Stored data:
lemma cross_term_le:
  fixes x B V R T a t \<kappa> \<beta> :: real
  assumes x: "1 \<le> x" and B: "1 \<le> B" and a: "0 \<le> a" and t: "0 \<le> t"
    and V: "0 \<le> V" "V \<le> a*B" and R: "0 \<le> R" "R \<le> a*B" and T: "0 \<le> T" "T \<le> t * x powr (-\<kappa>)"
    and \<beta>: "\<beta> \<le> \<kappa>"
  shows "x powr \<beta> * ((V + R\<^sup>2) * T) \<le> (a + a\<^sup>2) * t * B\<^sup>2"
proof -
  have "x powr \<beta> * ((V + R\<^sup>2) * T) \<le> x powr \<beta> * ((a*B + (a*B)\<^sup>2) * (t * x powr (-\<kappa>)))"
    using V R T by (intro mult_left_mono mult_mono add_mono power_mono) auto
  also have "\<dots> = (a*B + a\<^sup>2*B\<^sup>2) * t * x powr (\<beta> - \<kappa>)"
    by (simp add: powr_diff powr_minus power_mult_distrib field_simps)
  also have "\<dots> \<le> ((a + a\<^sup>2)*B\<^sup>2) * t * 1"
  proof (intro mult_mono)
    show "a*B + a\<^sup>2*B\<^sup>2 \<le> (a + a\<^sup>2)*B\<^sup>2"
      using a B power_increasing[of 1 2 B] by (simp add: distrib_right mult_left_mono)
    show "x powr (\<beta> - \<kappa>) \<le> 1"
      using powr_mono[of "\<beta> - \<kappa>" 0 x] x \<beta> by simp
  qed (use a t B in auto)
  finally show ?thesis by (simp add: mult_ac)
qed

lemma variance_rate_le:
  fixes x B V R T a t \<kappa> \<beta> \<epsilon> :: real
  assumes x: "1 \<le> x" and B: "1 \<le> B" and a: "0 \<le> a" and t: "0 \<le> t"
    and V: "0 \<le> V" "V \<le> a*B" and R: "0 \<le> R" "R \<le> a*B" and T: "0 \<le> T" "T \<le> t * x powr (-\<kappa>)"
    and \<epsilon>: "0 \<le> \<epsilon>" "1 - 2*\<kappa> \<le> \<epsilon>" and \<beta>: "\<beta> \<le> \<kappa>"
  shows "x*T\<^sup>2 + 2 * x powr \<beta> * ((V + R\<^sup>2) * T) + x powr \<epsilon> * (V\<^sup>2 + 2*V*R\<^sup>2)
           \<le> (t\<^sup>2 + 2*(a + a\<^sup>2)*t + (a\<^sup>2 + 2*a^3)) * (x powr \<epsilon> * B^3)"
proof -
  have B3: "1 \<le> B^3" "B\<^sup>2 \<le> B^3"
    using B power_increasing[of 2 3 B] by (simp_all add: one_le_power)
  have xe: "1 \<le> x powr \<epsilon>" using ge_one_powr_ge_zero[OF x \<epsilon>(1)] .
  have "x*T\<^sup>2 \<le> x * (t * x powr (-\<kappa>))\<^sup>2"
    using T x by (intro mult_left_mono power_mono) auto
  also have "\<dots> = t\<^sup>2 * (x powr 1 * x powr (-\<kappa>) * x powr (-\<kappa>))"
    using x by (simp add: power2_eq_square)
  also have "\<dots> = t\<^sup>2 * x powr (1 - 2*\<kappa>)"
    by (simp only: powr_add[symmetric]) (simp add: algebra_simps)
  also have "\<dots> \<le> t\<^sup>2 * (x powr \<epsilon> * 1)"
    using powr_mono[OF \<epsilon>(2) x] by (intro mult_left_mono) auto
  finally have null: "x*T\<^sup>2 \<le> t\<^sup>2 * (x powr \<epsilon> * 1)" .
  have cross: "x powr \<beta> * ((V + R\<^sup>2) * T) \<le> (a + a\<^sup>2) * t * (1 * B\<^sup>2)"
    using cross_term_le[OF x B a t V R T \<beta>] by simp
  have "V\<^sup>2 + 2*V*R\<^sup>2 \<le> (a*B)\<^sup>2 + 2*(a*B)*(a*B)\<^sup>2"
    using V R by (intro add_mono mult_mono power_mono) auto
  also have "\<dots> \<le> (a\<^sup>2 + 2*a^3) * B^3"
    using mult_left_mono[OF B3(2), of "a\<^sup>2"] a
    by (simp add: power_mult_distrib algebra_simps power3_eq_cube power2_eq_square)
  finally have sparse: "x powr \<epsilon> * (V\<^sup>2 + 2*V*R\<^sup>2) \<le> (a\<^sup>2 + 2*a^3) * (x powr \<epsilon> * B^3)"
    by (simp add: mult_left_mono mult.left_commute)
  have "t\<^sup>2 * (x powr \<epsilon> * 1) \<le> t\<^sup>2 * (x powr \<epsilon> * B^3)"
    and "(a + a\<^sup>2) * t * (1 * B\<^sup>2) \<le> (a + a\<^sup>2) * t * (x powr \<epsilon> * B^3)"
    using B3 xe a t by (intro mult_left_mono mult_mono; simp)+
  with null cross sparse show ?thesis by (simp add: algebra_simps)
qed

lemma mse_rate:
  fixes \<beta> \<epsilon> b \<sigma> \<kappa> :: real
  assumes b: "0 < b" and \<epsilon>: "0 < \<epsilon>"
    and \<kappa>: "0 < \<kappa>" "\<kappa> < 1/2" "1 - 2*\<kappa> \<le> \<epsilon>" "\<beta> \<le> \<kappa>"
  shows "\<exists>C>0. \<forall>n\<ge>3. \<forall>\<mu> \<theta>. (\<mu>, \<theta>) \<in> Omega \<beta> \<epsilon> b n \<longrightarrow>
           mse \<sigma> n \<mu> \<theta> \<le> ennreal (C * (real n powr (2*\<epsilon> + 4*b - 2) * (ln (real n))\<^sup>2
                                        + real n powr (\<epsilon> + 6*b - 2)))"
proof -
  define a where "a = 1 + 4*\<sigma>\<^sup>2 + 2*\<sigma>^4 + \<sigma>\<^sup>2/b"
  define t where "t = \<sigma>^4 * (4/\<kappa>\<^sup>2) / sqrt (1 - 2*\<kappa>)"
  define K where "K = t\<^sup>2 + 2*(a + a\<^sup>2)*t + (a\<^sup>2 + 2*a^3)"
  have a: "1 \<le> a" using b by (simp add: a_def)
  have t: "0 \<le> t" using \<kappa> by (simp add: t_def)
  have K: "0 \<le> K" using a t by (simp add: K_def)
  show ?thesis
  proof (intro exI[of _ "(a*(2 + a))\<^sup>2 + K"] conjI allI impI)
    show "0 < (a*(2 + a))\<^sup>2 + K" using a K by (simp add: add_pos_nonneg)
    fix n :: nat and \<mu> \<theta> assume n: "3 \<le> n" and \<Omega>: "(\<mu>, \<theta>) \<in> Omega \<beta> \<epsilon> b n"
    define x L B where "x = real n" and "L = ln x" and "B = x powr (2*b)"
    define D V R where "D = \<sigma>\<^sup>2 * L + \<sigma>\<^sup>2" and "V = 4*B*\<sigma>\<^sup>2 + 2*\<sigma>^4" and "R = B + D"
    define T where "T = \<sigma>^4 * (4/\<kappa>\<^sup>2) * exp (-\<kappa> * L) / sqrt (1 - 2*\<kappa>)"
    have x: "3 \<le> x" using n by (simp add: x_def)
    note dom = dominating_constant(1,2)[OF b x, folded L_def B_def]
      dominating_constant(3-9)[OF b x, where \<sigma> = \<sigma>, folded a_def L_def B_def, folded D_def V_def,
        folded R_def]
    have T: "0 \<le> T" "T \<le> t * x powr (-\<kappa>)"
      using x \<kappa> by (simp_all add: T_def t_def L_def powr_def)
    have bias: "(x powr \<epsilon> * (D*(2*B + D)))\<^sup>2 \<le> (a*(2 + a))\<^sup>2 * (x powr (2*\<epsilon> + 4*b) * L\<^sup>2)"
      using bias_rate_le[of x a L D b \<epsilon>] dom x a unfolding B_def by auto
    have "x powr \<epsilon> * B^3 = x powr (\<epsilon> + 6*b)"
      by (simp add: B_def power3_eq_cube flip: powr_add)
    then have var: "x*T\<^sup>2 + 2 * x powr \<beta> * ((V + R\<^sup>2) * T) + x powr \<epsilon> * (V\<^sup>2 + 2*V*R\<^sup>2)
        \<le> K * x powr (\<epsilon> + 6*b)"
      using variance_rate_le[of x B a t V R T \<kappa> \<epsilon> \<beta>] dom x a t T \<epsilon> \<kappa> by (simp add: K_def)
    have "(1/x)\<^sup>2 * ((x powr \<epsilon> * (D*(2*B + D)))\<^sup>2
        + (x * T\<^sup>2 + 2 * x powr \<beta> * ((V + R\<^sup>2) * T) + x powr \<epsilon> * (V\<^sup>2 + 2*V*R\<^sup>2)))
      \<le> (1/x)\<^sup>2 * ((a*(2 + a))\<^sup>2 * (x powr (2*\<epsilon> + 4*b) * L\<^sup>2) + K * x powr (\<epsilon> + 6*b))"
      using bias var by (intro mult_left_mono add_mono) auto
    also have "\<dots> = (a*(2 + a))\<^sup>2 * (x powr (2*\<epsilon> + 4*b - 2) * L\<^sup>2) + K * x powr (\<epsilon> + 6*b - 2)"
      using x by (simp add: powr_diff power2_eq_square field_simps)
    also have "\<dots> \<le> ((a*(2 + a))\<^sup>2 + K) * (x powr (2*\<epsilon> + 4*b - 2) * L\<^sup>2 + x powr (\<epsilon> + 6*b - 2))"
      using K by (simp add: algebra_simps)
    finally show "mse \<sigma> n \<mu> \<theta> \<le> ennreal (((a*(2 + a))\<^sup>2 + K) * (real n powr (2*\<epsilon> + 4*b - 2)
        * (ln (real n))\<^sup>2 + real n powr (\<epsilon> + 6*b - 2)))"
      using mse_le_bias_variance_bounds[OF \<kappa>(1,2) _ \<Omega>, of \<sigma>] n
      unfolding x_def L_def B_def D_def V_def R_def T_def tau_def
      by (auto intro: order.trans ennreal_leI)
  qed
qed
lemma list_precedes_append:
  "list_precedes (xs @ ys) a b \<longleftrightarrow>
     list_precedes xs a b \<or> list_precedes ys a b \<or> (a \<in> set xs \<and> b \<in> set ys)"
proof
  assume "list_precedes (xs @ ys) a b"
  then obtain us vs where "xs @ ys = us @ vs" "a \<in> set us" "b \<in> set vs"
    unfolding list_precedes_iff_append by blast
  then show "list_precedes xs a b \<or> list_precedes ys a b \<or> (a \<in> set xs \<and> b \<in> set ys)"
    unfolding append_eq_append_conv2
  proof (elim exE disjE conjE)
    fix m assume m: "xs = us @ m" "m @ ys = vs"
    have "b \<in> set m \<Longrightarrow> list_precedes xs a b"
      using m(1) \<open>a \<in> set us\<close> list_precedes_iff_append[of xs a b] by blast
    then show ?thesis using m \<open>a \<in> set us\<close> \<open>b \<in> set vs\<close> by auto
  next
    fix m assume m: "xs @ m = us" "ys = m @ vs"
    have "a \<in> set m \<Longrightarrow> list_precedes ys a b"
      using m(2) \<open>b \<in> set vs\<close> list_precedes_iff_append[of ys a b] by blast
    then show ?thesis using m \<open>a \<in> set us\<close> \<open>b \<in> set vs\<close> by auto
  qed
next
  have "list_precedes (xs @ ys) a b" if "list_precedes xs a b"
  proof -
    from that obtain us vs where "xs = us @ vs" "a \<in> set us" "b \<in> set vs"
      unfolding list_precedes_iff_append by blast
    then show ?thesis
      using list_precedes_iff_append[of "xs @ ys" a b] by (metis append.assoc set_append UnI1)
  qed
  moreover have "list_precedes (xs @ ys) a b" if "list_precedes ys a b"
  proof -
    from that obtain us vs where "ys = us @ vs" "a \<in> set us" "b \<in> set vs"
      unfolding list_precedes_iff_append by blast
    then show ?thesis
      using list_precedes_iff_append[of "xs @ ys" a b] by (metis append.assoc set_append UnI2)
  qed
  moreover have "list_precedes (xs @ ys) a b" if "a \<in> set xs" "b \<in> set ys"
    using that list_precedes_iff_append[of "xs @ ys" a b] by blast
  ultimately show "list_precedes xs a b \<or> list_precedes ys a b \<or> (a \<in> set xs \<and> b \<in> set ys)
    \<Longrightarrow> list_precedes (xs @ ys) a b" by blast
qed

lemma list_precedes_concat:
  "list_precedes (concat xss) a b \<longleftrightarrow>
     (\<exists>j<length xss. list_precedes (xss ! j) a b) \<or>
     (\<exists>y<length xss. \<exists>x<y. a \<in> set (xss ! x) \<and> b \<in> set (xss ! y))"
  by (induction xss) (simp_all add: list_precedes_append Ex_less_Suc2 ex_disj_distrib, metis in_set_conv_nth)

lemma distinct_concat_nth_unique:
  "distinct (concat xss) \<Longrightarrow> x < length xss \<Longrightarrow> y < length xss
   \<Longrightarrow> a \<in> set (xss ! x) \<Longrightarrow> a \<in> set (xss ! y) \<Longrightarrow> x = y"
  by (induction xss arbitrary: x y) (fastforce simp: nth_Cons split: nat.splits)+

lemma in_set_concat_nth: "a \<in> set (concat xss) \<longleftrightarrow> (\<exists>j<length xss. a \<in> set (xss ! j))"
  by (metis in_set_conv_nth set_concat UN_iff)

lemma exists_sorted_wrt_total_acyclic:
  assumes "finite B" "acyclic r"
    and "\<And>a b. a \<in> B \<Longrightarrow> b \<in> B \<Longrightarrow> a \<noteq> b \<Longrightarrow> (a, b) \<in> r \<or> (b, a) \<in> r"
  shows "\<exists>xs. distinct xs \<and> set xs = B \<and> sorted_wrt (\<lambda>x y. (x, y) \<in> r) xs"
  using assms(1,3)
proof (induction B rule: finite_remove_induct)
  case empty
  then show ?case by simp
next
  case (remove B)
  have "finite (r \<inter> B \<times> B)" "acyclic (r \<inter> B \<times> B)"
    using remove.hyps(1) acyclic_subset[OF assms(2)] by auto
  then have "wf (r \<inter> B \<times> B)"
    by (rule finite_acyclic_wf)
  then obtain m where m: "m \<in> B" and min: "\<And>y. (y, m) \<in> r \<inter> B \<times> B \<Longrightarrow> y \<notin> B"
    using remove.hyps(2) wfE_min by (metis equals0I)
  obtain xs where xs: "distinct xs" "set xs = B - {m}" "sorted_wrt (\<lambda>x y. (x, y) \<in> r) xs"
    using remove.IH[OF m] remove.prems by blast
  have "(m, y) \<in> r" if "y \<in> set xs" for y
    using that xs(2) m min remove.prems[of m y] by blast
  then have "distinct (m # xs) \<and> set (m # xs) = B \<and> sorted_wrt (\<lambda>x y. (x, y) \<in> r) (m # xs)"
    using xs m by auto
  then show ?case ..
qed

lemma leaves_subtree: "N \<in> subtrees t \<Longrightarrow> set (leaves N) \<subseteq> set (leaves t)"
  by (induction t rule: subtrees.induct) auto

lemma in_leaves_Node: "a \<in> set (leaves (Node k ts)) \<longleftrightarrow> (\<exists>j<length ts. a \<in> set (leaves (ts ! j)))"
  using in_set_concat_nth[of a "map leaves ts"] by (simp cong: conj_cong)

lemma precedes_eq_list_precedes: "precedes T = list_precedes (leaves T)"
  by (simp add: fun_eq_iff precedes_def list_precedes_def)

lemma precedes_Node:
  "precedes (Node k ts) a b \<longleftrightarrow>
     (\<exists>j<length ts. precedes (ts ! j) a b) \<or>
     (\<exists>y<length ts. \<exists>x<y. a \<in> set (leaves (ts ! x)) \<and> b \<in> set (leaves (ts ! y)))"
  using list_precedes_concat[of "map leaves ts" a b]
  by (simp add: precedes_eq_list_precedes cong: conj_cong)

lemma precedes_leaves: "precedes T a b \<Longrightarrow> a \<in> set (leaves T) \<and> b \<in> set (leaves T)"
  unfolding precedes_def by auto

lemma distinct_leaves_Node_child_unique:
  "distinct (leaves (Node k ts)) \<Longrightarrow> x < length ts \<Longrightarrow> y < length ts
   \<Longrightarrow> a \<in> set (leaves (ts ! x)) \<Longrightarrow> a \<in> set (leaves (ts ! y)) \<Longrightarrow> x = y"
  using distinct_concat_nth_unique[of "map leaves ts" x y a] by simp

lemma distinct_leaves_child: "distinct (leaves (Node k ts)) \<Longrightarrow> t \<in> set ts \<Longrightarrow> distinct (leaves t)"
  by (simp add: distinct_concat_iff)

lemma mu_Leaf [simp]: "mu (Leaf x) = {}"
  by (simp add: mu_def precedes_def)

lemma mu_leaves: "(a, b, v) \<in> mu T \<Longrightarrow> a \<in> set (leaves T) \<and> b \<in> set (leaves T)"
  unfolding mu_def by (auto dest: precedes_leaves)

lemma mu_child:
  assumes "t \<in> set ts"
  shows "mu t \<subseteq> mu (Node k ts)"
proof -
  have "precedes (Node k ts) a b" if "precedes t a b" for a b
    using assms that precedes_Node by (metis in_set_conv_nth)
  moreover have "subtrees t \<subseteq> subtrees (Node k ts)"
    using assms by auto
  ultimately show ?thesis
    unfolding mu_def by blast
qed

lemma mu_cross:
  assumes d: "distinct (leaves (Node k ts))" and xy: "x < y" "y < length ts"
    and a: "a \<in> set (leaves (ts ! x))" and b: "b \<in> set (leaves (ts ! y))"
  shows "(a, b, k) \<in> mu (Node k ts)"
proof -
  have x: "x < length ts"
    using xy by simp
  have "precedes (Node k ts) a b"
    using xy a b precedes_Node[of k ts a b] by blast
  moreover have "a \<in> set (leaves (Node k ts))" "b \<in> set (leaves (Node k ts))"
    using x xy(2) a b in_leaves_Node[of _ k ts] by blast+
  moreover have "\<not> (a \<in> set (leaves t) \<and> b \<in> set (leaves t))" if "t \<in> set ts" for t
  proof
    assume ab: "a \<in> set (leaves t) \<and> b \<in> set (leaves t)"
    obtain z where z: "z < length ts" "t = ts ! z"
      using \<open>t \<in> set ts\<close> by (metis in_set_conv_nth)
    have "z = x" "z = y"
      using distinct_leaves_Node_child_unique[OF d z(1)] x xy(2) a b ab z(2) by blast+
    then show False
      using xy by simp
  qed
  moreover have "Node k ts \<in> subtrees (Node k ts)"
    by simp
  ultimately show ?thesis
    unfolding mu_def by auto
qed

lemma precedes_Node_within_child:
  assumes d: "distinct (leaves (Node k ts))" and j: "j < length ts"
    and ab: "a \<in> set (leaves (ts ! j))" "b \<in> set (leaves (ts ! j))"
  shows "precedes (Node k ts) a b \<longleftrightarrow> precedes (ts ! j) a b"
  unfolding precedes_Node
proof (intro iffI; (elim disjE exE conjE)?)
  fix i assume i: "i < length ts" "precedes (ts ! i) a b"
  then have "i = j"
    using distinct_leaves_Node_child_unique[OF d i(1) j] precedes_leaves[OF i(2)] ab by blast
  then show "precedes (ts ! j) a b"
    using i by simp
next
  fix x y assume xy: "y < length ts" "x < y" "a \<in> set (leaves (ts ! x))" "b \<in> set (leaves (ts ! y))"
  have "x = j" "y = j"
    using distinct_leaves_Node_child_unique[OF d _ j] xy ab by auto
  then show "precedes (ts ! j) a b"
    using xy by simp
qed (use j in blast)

_TASK_
Look above for the line that contains "using x by (simp add: powr_diff". Starting there, transcribe every line exactly until you have copied the line that contains "using K by (simp add: algebra_simps)".

_REPLY_
      using x by (simp add: powr_diff power2_eq_square field_simps)
    also have "\<dots> \<le> ((a*(2 + a))\<^sup>2 + K) * (x powr (2*\<epsilon> + 4*b - 2) * L\<^sup>2 + x powr (\<epsilon> + 6*b - 2))"
      using K by (simp add: algebra_simps)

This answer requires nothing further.